Try it:
Pull every line containing "source" from the listing below.

Dataset extract:

text \<open>Fixed (boundary) coordinates u: the whole input stalk at v_x, and the ones-block
  (last n_(l+1) coordinates) of each stalk at v_a(l), l = 1..k.\<close>
definition nn_fixed :: "nat \<Rightarrow> (nat \<Rightarrow> nat) \<Rightarrow> nat set" where
  "nn_fixed k n = {..< nn_vdim k n 0} \<union>
     (\<Union>l\<in>{1..k}. {nn_voff k n (2 * l) + n l ..< nn_voff k n (2 * l) + n l + n (l + 1)})"

text \<open>Free coordinates Omega = (z1, a1, ..., ak, z(k+1), yhat), in path order.\<close>
definition nn_free :: "nat \<Rightarrow> (nat \<Rightarrow> nat) \<Rightarrow> nat set" where
  "nn_free k n = {..< nn_voff k n (2 * k + 3)} - nn_fixed k n"

definition positive_definite_mat :: "real mat \<Rightarrow> bool" where
  "positive_definite_mat A \<longleftrightarrow>
     A \<in> carrier_mat (dim_row A) (dim_row A) \<and> transpose_mat A = A \<and>
     (\<forall>x \<in> carrier_vec (dim_row A). x \<noteq> 0\<^sub>v (dim_row A) \<longrightarrow> x \<bullet> (A *\<^sub>v x) > 0)"

end

theory Submission
  imports Defs
begin

text \<open>The free part of the stalk at vertex i+1
  consists of its first de(i) coordinates, and on these the target restriction map of edge i is
  the identity (I for weight and output edges, the projection (I 0) for activation edges).
  So row block i of \<delta>_\<Omega> has an identity block in column block i, minus the source map
  of edge i in column block i-1, and zeros elsewhere: \<delta>_\<Omega> is block lower unitriangular,
  whence det \<delta>_\<Omega> = 1 whatever the source maps are. The restricted Laplacian is the Gram
  matrix \<delta>_\<Omega>^T \<delta>_\<Omega>, so it has determinant 1 and is positive definite.\<close>

lemma submatrix_gram:
  "submatrix (transpose_mat A * A) I I = transpose_mat (submatrix A UNIV I) * submatrix A UNIV I"
  (is "_ = ?G")
proof (rule eq_matI)
  fix p q assume "p < dim_row ?G" and "q < dim_col ?G"
  then have p: "p < card {j. j < dim_col A \<and> j \<in> I}" and q: "q < card {j. j < dim_col A \<and> j \<in> I}"
    by (simp_all add: dim_submatrix)
  have "pick I p < dim_col A" "pick I q < dim_col A"
    using pick_le p q by (simp_all add: conj_commute)
  then have "submatrix (transpose_mat A * A) I I $$ (p, q) =
      (\<Sum>r<dim_row A. A $$ (r, pick I p) * A $$ (r, pick I q))"
    using p q by (simp add: submatrix_index scalar_prod_def atLeast0LessThan)
  also have "\<dots> = ?G $$ (p, q)"
    using p q by (simp add: scalar_prod_def atLeast0LessThan dim_submatrix submatrix_index pick_UNIV)
  finally show "submatrix (transpose_mat A * A) I I $$ (p, q) = ?G $$ (p, q)" .
qed (simp_all add: dim_submatrix)

lemma gram_positive_definite:
  fixes B :: "real mat"
  assumes B: "B \<in> carrier_mat N N" and det: "det B \<noteq> 0"
  shows "positive_definite_mat (transpose_mat B * B)"
  unfolding positive_definite_mat_def
proof (intro conjI ballI impI)
  show "transpose_mat B * B \<in> carrier_mat (dim_row (transpose_mat B * B)) (dim_row (transpose_mat B * B))"
    using B by simp
  show "transpose_mat (transpose_mat B * B) = transpose_mat B * B"
    using B by (simp add: transpose_mult[of _ N N _ N])
  fix x :: "real vec" assume "x \<in> carrier_vec (dim_row (transpose_mat B * B))"
    and "x \<noteq> 0\<^sub>v (dim_row (transpose_mat B * B))"
  then have x: "x \<in> carrier_vec N" "x \<noteq> 0\<^sub>v N" using B by simp_all
  have Bx: "B *\<^sub>v x \<in> carrier_vec N" "B *\<^sub>v x \<noteq> 0\<^sub>v N"
    using B x det det_0_iff_vec_prod_zero[OF B] by auto
  have "x \<bullet> ((transpose_mat B * B) *\<^sub>v x) = (B *\<^sub>v x) \<bullet> (B *\<^sub>v x)"
    using B x transpose_vec_mult_scalar[of "transpose_mat B" N N "B *\<^sub>v x" x]
    by (simp add: assoc_mult_mat_vec[of _ N N _ N] comm_scalar_prod[of x N])
  also have "\<dots> = (B *\<^sub>v x) \<bullet>c (B *\<^sub>v x)"
    by (simp add: conjugate_vec_def)
  also have "\<dots> > 0"
    using Bx conjugate_square_ge_0_vec[of "B *\<^sub>v x"] conjugate_square_eq_0_vec[OF Bx(1)]
    by (simp add: order_less_le)
  finally show "x \<bullet> ((transpose_mat B * B) *\<^sub>v x) > 0" .
qed

definition block_offset :: "(nat \<Rightarrow> nat) \<Rightarrow> nat \<Rightarrow> nat" where
  "block_offset d i = (\<Sum>q<i. d q)"

lemma block_offset_0 [simp]: "block_offset d 0 = 0"
  by (simp add: block_offset_def)

lemma block_offset_Suc: "block_offset d (Suc i) = block_offset d i + d i"
  by (simp add: block_offset_def)

lemma block_offset_mono: "i \<le> j \<Longrightarrow> block_offset d i \<le> block_offset d j"
  unfolding block_offset_def by (rule sum_mono2) auto

lemma block_offset_add_le: "i < j \<Longrightarrow> block_offset d i + d i \<le> block_offset d j"
  using block_offset_mono[of "Suc i" j d] by (simp add: block_offset_Suc)

lemma block_offset_cases:
  assumes "a < block_offset d M"
  obtains j s where "j < M" "s < d j" "a = block_offset d j + s"
proof -
  have "\<exists>j<M. \<exists>s<d j. a = block_offset d j + s"
    using assms
  proof (induction M)
    case (Suc M)
    show ?case
    proof (cases "a < block_offset d M")
      case True
      then show ?thesis using Suc.IH less_SucI by blast
    next
      case False
      then have "a - block_offset d M < d M" "a = block_offset d M + (a - block_offset d M)"
        using Suc.prems by (simp_all add: block_offset_Suc)
      then show ?thesis using lessI by blast
    qed
  qed simp
  then show thesis using that by blast
qed

lemma block_offset_unique:
  assumes s: "s < d i" "s' < d j" and eq: "block_offset d i + s = block_offset d j + s'"
  shows "i = j" "s = s'"
proof -
  have "\<not> i < j" "\<not> j < i"
    using block_offset_add_le[of i j d] block_offset_add_le[of j i d] s eq by linarith+
  then show "i = j" by simp
  then show "s = s'" using eq by simp
qed

lemma dim_path_coboundary:
  "dim_row (path_coboundary m dv de Fs Ft) = block_offset de m"
  "dim_col (path_coboundary m dv de Fs Ft) = block_offset dv (Suc m)"
  by (simp_all add: path_coboundary_def block_offset_def)

lemma blk_index: "s < dim_row A \<Longrightarrow> t < dim_col A \<Longrightarrow> blk A r0 c0 (r0 + s, c0 + t) = A $$ (s, t)"
  by (simp add: blk_def)

lemma blk_outside_cols: "c < c0 \<or> c0 + dim_col A \<le> c \<Longrightarrow> blk A r0 c0 (r, c) = 0"
  by (auto simp: blk_def)

text \<open>For the network
  sheaf these are the free coordinates \<Omega>, and trailing_coords together with the input stalk
  are the fixed ones.\<close>

definition leading_coords :: "(nat \<Rightarrow> nat) \<Rightarrow> (nat \<Rightarrow> nat) \<Rightarrow> nat \<Rightarrow> nat set" where
  "leading_coords dv de i =
     (\<Union>j<i. {block_offset dv (Suc j) ..< block_offset dv (Suc j) + de j})"

definition trailing_coords :: "(nat \<Rightarrow> nat) \<Rightarrow> (nat \<Rightarrow> nat) \<Rightarrow> nat \<Rightarrow> nat set" where
  "trailing_coords dv de i =
     (\<Union>j<i. {block_offset dv (Suc j) + de j ..< block_offset dv (Suc (Suc j))})"

lemma finite_leading_coords [simp]: "finite (leading_coords dv de i)"
  by (simp add: leading_coords_def)

lemma leading_coords_Suc:
  "leading_coords dv de (Suc i) =
     leading_coords dv de i \<union> {block_offset dv (Suc i) ..< block_offset dv (Suc i) + de i}"
  by (auto simp: leading_coords_def lessThan_Suc)

lemma leading_coords_mono: "i \<le> j \<Longrightarrow> leading_coords dv de i \<subseteq> leading_coords dv de j"
  unfolding leading_coords_def by (rule SUP_subset_mono) auto

lemma mem_leading_coords:
  "a \<in> leading_coords dv de i \<longleftrightarrow> (\<exists>j<i. \<exists>s<de j. a = block_offset dv (Suc j) + s)"
proof
  assume "a \<in> leading_coords dv de i"
  then obtain j where "j < i" "block_offset dv (Suc j) \<le> a" "a < block_offset dv (Suc j) + de j"
    by (auto simp: leading_coords_def)
  then show "\<exists>j<i. \<exists>s<de j. a = block_offset dv (Suc j) + s"
    by (intro exI[of _ j] conjI exI[of _ "a - block_offset dv (Suc j)"]) auto
qed (force simp: leading_coords_def)

lemma mem_trailing_coords:
  "a \<in> trailing_coords dv de i \<longleftrightarrow>
     (\<exists>j<i. \<exists>s. de j \<le> s \<and> s < dv (Suc j) \<and> a = block_offset dv (Suc j) + s)"
proof
  assume "a \<in> trailing_coords dv de i"
  then obtain j where "j < i" "block_offset dv (Suc j) + de j \<le> a" "a < block_offset dv (Suc j) + dv (Suc j)"
    by (auto simp: trailing_coords_def block_offset_Suc[of dv "Suc _"])
  then show "\<exists>j<i. \<exists>s. de j \<le> s \<and> s < dv (Suc j) \<and> a = block_offset dv (Suc j) + s"
    by (intro exI[of _ j] conjI exI[of _ "a - block_offset dv (Suc j)"]) auto
qed (force simp: trailing_coords_def block_offset_Suc[of dv "Suc _"])

locale path_sheaf_dims =
  fixes m :: nat and dv de :: "nat \<Rightarrow> nat"
  assumes edge_le_target: "\<And>i. i < m \<Longrightarrow> de i \<le> dv (Suc i)"
begin

lemma leading_coords_less:
  assumes "i \<le> m" "a \<in> leading_coords dv de i"
  shows "a < block_offset dv (Suc i)"
proof -
  obtain j s where j: "j < i" "s < de j" "a = block_offset dv (Suc j) + s"
    using assms(2) by (auto simp: mem_leading_coords)
  have "a < block_offset dv (Suc j) + dv (Suc j)"
    using j edge_le_target[of j] assms(1) by simp
  also have "\<dots> \<le> block_offset dv (Suc i)"
    using block_offset_add_le[of "Suc j" "Suc i" dv] j by simp
  finally show ?thesis .
qed

lemma card_leading_coords: "i \<le> m \<Longrightarrow> card (leading_coords dv de i) = block_offset de i"
proof (induction i)
  case (Suc i)
  have "leading_coords dv de i \<inter> {block_offset dv (Suc i) ..< block_offset dv (Suc i) + de i} = {}"
    using leading_coords_less[of i] Suc.prems by fastforce
  then show ?case
    using Suc by (simp add: leading_coords_Suc card_Un_disjoint block_offset_Suc)
qed (simp add: leading_coords_def)

lemma leading_coords_below:
  assumes i: "i < m" and s: "s \<le> de i"
  shows "{a \<in> leading_coords dv de m. a < block_offset dv (Suc i) + s} =
    leading_coords dv de i \<union> {block_offset dv (Suc i) ..< block_offset dv (Suc i) + s}"
proof (intro equalityI subsetI)
  fix a assume "a \<in> {a \<in> leading_coords dv de m. a < block_offset dv (Suc i) + s}"
  then obtain j t where j: "j < m" "t < de j" "a = block_offset dv (Suc j) + t"
    and a: "a < block_offset dv (Suc i) + s"
    by (auto simp: mem_leading_coords)
  have "\<not> i < j"
    using block_offset_add_le[of "Suc i" "Suc j" dv] edge_le_target[OF i] s j a by auto
  then consider "j < i" | "j = i" by linarith
  then show "a \<in> leading_coords dv de i \<union> {block_offset dv (Suc i) ..< block_offset dv (Suc i) + s}"
  proof cases
    case 1
    then have "a \<in> leading_coords dv de i" using j by (auto simp: mem_leading_coords)
    then show ?thesis by simp
  qed (use j a in simp)
next
  fix a assume "a \<in> leading_coords dv de i \<union> {block_offset dv (Suc i) ..< block_offset dv (Suc i) + s}"
  then show "a \<in> {a \<in> leading_coords dv de m. a < block_offset dv (Suc i) + s}"
  proof
    assume "a \<in> leading_coords dv de i"
    then show ?thesis
      using leading_coords_less[of i a] leading_coords_mono[of i m dv de] i by auto
  next
    assume "a \<in> {block_offset dv (Suc i) ..< block_offset dv (Suc i) + s}"
    then have "a \<in> leading_coords dv de (Suc i)"
      using s by (auto simp: leading_coords_Suc)
    then show ?thesis
      using leading_coords_mono[of "Suc i" m dv de] i \<open>a \<in> {_ ..< _}\<close> by auto
  qed
qed

lemma pick_leading_coords:
  assumes i: "i < m" and s: "s < de i"
  shows "pick (leading_coords dv de m) (block_offset de i + s) = block_offset dv (Suc i) + s"
proof -
  have "block_offset dv (Suc i) + s \<in> leading_coords dv de m"
    using i s by (auto simp: mem_leading_coords)
  moreover have "leading_coords dv de i \<inter> {block_offset dv (Suc i) ..< block_offset dv (Suc i) + s} = {}"
    using leading_coords_less[of i] i by fastforce
  then have "card {a \<in> leading_coords dv de m. a < block_offset dv (Suc i) + s} = block_offset de i + s"
    using i s by (simp add: leading_coords_below card_Un_disjoint card_leading_coords)
  ultimately show ?thesis
    using pick_card_in_set by metis
qed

Answer to this task:
  So row block i of \<delta>_\<Omega> has an identity block in column block i, minus the source map
  whence det \<delta>_\<Omega> = 1 whatever the source maps are. The restricted Laplacian is the Gram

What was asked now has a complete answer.